## PROMPT
Down to the last character, repeat the data that follows.
================================
lemma Htilde_lower_bound:
  assumes G: "Gamma0 F" and s1: "1 < s1" and s2: "0 \<le> s2" "s2 < 1"
    and k1: "0 < k1" "ereal k1 \<le> F s1" and k2: "0 < k2" "ereal k2 \<le> F s2"
    and ab: "0 \<le> a" "0 \<le> b" and c: "0 \<le> c"
  shows "ereal (min (max (M * c) (k1 * (M - s1 * a) / (s1 - 1))) (k2 * (M - s2 * b) / (s2 - 1)))
           \<le> Htilde F c a b"
  unfolding Htilde_def
proof (rule INF_greatest)
  fix \<theta> :: real assume "\<theta> \<in> {0<..}"
  then have \<theta>: "0 < \<theta>" by simp
  let ?sum = "persp F \<theta> a + persp F \<theta> b + ereal (\<theta> * c)"
  have nonneg: "0 \<le> persp F \<theta> a" "0 \<le> persp F \<theta> b" "0 \<le> ereal (\<theta> * c)"
    using persp_nonneg[OF G \<theta>] ab \<theta> c by auto
  then have le_sum: "persp F \<theta> a \<le> ?sum" "persp F \<theta> b \<le> ?sum" "ereal (\<theta> * c) \<le> ?sum"
    by (simp_all add: add_increasing add_increasing2)
  show "ereal (min (max (M * c) (k1 * (M - s1 * a) / (s1 - 1))) (k2 * (M - s2 * b) / (s2 - 1)))
          \<le> ?sum"
  proof (cases "M \<le> \<theta>")
    case True
    have "ereal (M * c) \<le> ereal (\<theta> * c)" using True c by (simp add: mult_right_mono)
    then have transport: "ereal (M * c) \<le> ?sum" using le_sum(3) by (rule order_trans)
    have "ereal (k1 * (M - s1 * a) / (s1 - 1)) \<le> ereal (k1 * (\<theta> - s1 * a) / (s1 - 1))"
      using True k1(1) s1 by (simp add: divide_right_mono mult_left_mono)
    also have "\<dots> \<le> persp F \<theta> a"
      using persp_affine_minorant[OF G _ _ k1 \<theta> ab(1)] s1 by simp
    also have "\<dots> \<le> ?sum" by (rule le_sum(1))
    finally show ?thesis using transport by (simp add: min.coboundedI1)
  next
    case False
    have "ereal (k2 * (M - s2 * b) / (s2 - 1)) \<le> ereal (k2 * (\<theta> - s2 * b) / (s2 - 1))"
      using False k2(1) s2 by (simp add: divide_right_mono_neg mult_left_mono)
    also have "\<dots> \<le> persp F \<theta> b"
      using persp_affine_minorant[OF G s2(1) _ k2 \<theta> ab(2)] s2 by simp
    also have "\<dots> \<le> ?sum" by (rule le_sum(2))
    finally show ?thesis by (simp add: min.coboundedI2)
  qed
qed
================================
## FINISHED EXERCISE
lemma Htilde_lower_bound:
  assumes G: "Gamma0 F" and s1: "1 < s1" and s2: "0 \<le> s2" "s2 < 1"
    and k1: "0 < k1" "ereal k1 \<le> F s1" and k2: "0 < k2" "ereal k2 \<le> F s2"
    and ab: "0 \<le> a" "0 \<le> b" and c: "0 \<le> c"
  shows "ereal (min (max (M * c) (k1 * (M - s1 * a) / (s1 - 1))) (k2 * (M - s2 * b) / (s2 - 1)))
           \<le> Htilde F c a b"
  unfolding Htilde_def
proof (rule INF_greatest)
  fix \<theta> :: real assume "\<theta> \<in> {0<..}"
  then have \<theta>: "0 < \<theta>" by simp
  let ?sum = "persp F \<theta> a + persp F \<theta> b + ereal (\<theta> * c)"
  have nonneg: "0 \<le> persp F \<theta> a" "0 \<le> persp F \<theta> b" "0 \<le> ereal (\<theta> * c)"
    using persp_nonneg[OF G \<theta>] ab \<theta> c by auto
  then have le_sum: "persp F \<theta> a \<le> ?sum" "persp F \<theta> b \<le> ?sum" "ereal (\<theta> * c) \<le> ?sum"
    by (simp_all add: add_increasing add_increasing2)
  show "ereal (min (max (M * c) (k1 * (M - s1 * a) / (s1 - 1))) (k2 * (M - s2 * b) / (s2 - 1)))
          \<le> ?sum"
  proof (cases "M \<le> \<theta>")
    case True
    have "ereal (M * c) \<le> ereal (\<theta> * c)" using True c by (simp add: mult_right_mono)
    then have transport: "ereal (M * c) \<le> ?sum" using le_sum(3) by (rule order_trans)
    have "ereal (k1 * (M - s1 * a) / (s1 - 1)) \<le> ereal (k1 * (\<theta> - s1 * a) / (s1 - 1))"
      using True k1(1) s1 by (simp add: divide_right_mono mult_left_mono)
    also have "\<dots> \<le> persp F \<theta> a"
      using persp_affine_minorant[OF G _ _ k1 \<theta> ab(1)] s1 by simp
    also have "\<dots> \<le> ?sum" by (rule le_sum(1))
    finally show ?thesis using transport by (simp add: min.coboundedI1)
  next
    case False
    have "ereal (k2 * (M - s2 * b) / (s2 - 1)) \<le> ereal (k2 * (\<theta> - s2 * b) / (s2 - 1))"
      using False k2(1) s2 by (simp add: divide_right_mono_neg mult_left_mono)
    also have "\<dots> \<le> persp F \<theta> b"
      using persp_affine_minorant[OF G s2(1) _ k2 \<theta> ab(2)] s2 by simp
    also have "\<dots> \<le> ?sum" by (rule le_sum(2))
    finally show ?thesis by (simp add: min.coboundedI2)
  qed
qed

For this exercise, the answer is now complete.